Work item - The entries below hold a line with "a) \<le> (S ^^ L) f m" and a line with "using that iterate_bounds[of". Return those lines and all that lie between them, exactly and only.
== Data supplied
lemma osc_le_iterate_contract:
  assumes R: "2 * r \<le> real_of_int R" and L: "R + 1 \<le> 2 ^ L" and osc: "osc_le R f c"
  shows "osc_le R ((S ^^ L) f) ((1 - \<delta> ^ L) * c)"
  unfolding osc_le_def
proof (intro allI impI)
  fix n n' assume nn': "\<bar>n - n'\<bar> \<le> R"
  obtain a where a: "\<And>k. k \<in> window L n \<union> window L n' \<Longrightarrow> a \<le> f k \<and> f k \<le> a + c"
    using osc_le_obtains_interval[OF osc, where U = "window L n \<union> window L n'"]
      window_diameter[OF R nn'] by blast
  txt \<open>An index \<open>k0\<close> with \<open>2^L k0\<close> within \<open>2^L - 1\<close> of both \<open>n\<close> and \<open>n'\<close> enters both
    averages with weight at least \<open>\<delta>^L\<close>.\<close>
  define Q :: int where "Q = 2 ^ L"
  define k0 where "k0 = (min n n' + Q - 1) div Q"
  define t where "t = (min n n' + Q - 1) mod Q"
  have "Q * k0 + t = min n n' + Q - 1"
    unfolding k0_def t_def by (rule mult_div_mod_eq)
  moreover have "0 \<le> t" "t < Q"
    unfolding t_def Q_def by simp_all
  moreover have "R + 1 \<le> Q" using L unfolding Q_def .
  ultimately have "\<bar>Q * k0 - n\<bar> \<le> Q - 1" "\<bar>Q * k0 - n'\<bar> \<le> Q - 1"
    using nn' unfolding min_def abs_le_iff by (auto split: if_splits)
  then have bounds: "a + \<delta> ^ L * (f k0 - a) \<le> (S ^^ L) f m
      \<and> (S ^^ L) f m \<le> a + c - \<delta> ^ L * (a + c - f k0)" if "m = n \<or> m = n'" for m
    using that iterate_bounds[of L _ a f "a + c" k0] a unfolding Q_def by auto
  have "a + c - \<delta> ^ L * (a + c - f k0) - (a + \<delta> ^ L * (f k0 - a)) = (1 - \<delta> ^ L) * c"
    by (simp add: algebra_simps)
  then show "\<bar>(S ^^ L) f n - (S ^^ L) f n'\<bar> \<le> (1 - \<delta> ^ L) * c"
    using bounds[OF disjI1[OF refl]] bounds[OF disjI2[OF refl]] unfolding abs_le_iff by linarith
qed

lemma osc_le_iterate_geometric:
  assumes R: "2 * r \<le> real_of_int R" and osc: "osc_le R f c"
  obtains K s where "0 \<le> s" "s < 1" "\<And>m. osc_le R ((S ^^ m) f) (K * s ^ m)"
proof -
  define L where "L = nat R"
  have "2 < R" using R radius_gt_1 by linarith
  moreover have "int (nat R) < int (2 ^ nat R)"
    using less_exp of_nat_less_iff by blast
  ultimately have L: "1 \<le> L" "R + 1 \<le> 2 ^ L"
    unfolding L_def by simp_all
  define \<rho> where "\<rho> = 1 - \<delta> ^ L"
  have \<rho>: "0 < \<rho>" "\<rho> < 1"
    unfolding \<rho>_def using weight_pos weight_less_1 L(1) by (simp_all add: power_less_one_iff)
  define s where "s = root L \<rho>"
  have s: "0 < s" "s < 1" "s ^ L = \<rho>" unfolding s_def using L(1) \<rho> by simp_all
  define K where "K = c / \<rho>"
  have "0 \<le> c" using osc_le_nonneg[OF osc] \<open>2 < R\<close> by simp
  then have K: "0 \<le> K" unfolding K_def using \<rho> by simp
  have "osc_le R ((S ^^ m) f) (K * s ^ m)" for m
  proof (induction m rule: less_induct)
    case (less m)
    show ?case
    proof (cases "m < L")
      case True
      have "c = K * s ^ L" unfolding K_def s(3) using \<rho> by simp
      also have "\<dots> \<le> K * s ^ m" using True s K by (intro mult_left_mono power_decreasing) auto
      finally show ?thesis using osc_le_mono[OF osc_le_iterate[OF R osc]] by blast
    next
      case False
      then obtain d where m: "m = L + d" by (metis le_Suc_ex not_less)
      have "osc_le R ((S ^^ d) f) (K * s ^ d)" using less.IH L(1) m by simp
      then have "osc_le R ((S ^^ L) ((S ^^ d) f)) (\<rho> * (K * s ^ d))"
        unfolding \<rho>_def by (rule osc_le_iterate_contract[OF R L(2)])
      moreover have "\<rho> * (K * s ^ d) = K * s ^ m" unfolding m s(3)[symmetric] by (simp add: power_add)
      ultimately show ?thesis unfolding m by (simp add: funpow_add)
    qed
  qed
  then show ?thesis using that[of s K] s by simp
qed

lemma step_close:
  assumes R: "2 * r \<le> real_of_int R" and osc: "osc_le R f c" and m: "\<bar>m - 2 * n\<bar> \<le> 1"
  shows "\<bar>S f m - f n\<bar> \<le> c"
proof -
  have "f n - c \<le> f k \<and> f k \<le> f n + c" if "\<bar>2 * real_of_int k - real_of_int m\<bar> \<le> r" for k
  proof -
    have "\<bar>real_of_int m - 2 * real_of_int n\<bar> \<le> 1" using m by linarith
    then have "\<bar>k - n\<bar> \<le> R" using that R radius_gt_1 by (auto simp: abs_le_iff)
    then have "\<bar>f k - f n\<bar> \<le> c" using osc unfolding osc_le_def by blast
    then show ?thesis by linarith
  qed
  then have "f n - c \<le> S f m \<and> S f m \<le> f n + c" by (rule step_range)
  then show ?thesis by linarith
qed

lemma iterate_Suc_close:
  fixes x :: real
  assumes R: "2 * r \<le> real_of_int R" and osc: "osc_le R ((S ^^ k) f) c"
  shows "\<bar>(S ^^ Suc k) f \<lfloor>2 ^ Suc k * x\<rfloor> - (S ^^ k) f \<lfloor>2 ^ k * x\<rfloor>\<bar> \<le> c"
proof -
  have "(S ^^ Suc k) f = S ((S ^^ k) f)" "(2::real) ^ Suc k * x = 2 * (2 ^ k * x)" by simp_all
  then show ?thesis using step_close[OF R osc floor_double_diff_le_1, of "2 ^ k * x"] by (simp only:)
qed

theorem uniformly_convergent: "uniformly_convergent_scheme S"
  unfolding uniformly_convergent_scheme_def
proof (intro allI impI)
  fix f0 :: "int \<Rightarrow> real" assume "bounded (range f0)"
  define R where "R = \<lceil>2 * r\<rceil>"
  have R: "2 * r \<le> real_of_int R" unfolding R_def by simp
  obtain c where "osc_le R f0 c" using bounded_range_osc_le[OF \<open>bounded (range f0)\<close>] by blast
  then obtain K s where s: "0 \<le> s" "s < 1" and osc: "\<And>m. osc_le R ((S ^^ m) f0) (K * s ^ m)"
    using osc_le_iterate_geometric[OF R] by blast
  define g where "g k x = (S ^^ k) f0 \<lfloor>2 ^ k * x\<rfloor>" for k :: nat and x :: real
  have "\<bar>g (Suc k) x - g k x\<bar> \<le> K * s ^ k" for k x
    unfolding g_def by (rule iterate_Suc_close[OF R osc])
  then obtain F where F: "uniform_limit UNIV g F sequentially"
    using uniform_limit_of_geometric_increments[OF s] by blast
  have "1 \<le> R" using R radius_gt_1 by linarith
  then have "\<bar>g k x - g k y\<bar> \<le> K * s ^ k" if "dist x y < 1 / 2 ^ k" for k x y
    unfolding g_def using osc_le_at_scaled_floors[OF osc _ that] by blast
  moreover have "(\<lambda>k. K * s ^ k) \<longlonglongrightarrow> 0"
    using s by (intro tendsto_mult_right_zero LIMSEQ_power_zero) simp
  ultimately have "continuous_on UNIV F"
    by (intro continuous_on_uniform_limit_of_vanishing_oscillation[OF F, of "\<lambda>k. 1 / 2 ^ k"]) simp_all
  moreover have "\<exists>N. \<forall>k\<ge>N. \<forall>j. \<bar>(S ^^ k) f0 j - F (real_of_int j / 2 ^ k)\<bar> \<le> e" if "0 < e" for e
  proof -
    obtain N where N: "\<And>k x. N \<le> k \<Longrightarrow> dist (g k x) (F x) < e"
      using F \<open>0 < e\<close> unfolding uniform_limit_sequentially_iff by blast
    have "g k (real_of_int j / 2 ^ k) = (S ^^ k) f0 j" for k j by (simp add: g_def)
    then show ?thesis using N by (metis dist_real_def less_imp_le)
  qed
  ultimately show "\<exists>F. continuous_on UNIV F \<and>
      (\<forall>e>0. \<exists>N. \<forall>k\<ge>N. \<forall>j. \<bar>(S ^^ k) f0 j - F (real_of_int j / 2 ^ k)\<bar> \<le> e)"
    by blast
qed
====
Problem solution -
  then have bounds: "a + \<delta> ^ L * (f k0 - a) \<le> (S ^^ L) f m
      \<and> (S ^^ L) f m \<le> a + c - \<delta> ^ L * (a + c - f k0)" if "m = n \<or> m = n'" for m
    using that iterate_bounds[of L _ a f "a + c" k0] a unfolding Q_def by auto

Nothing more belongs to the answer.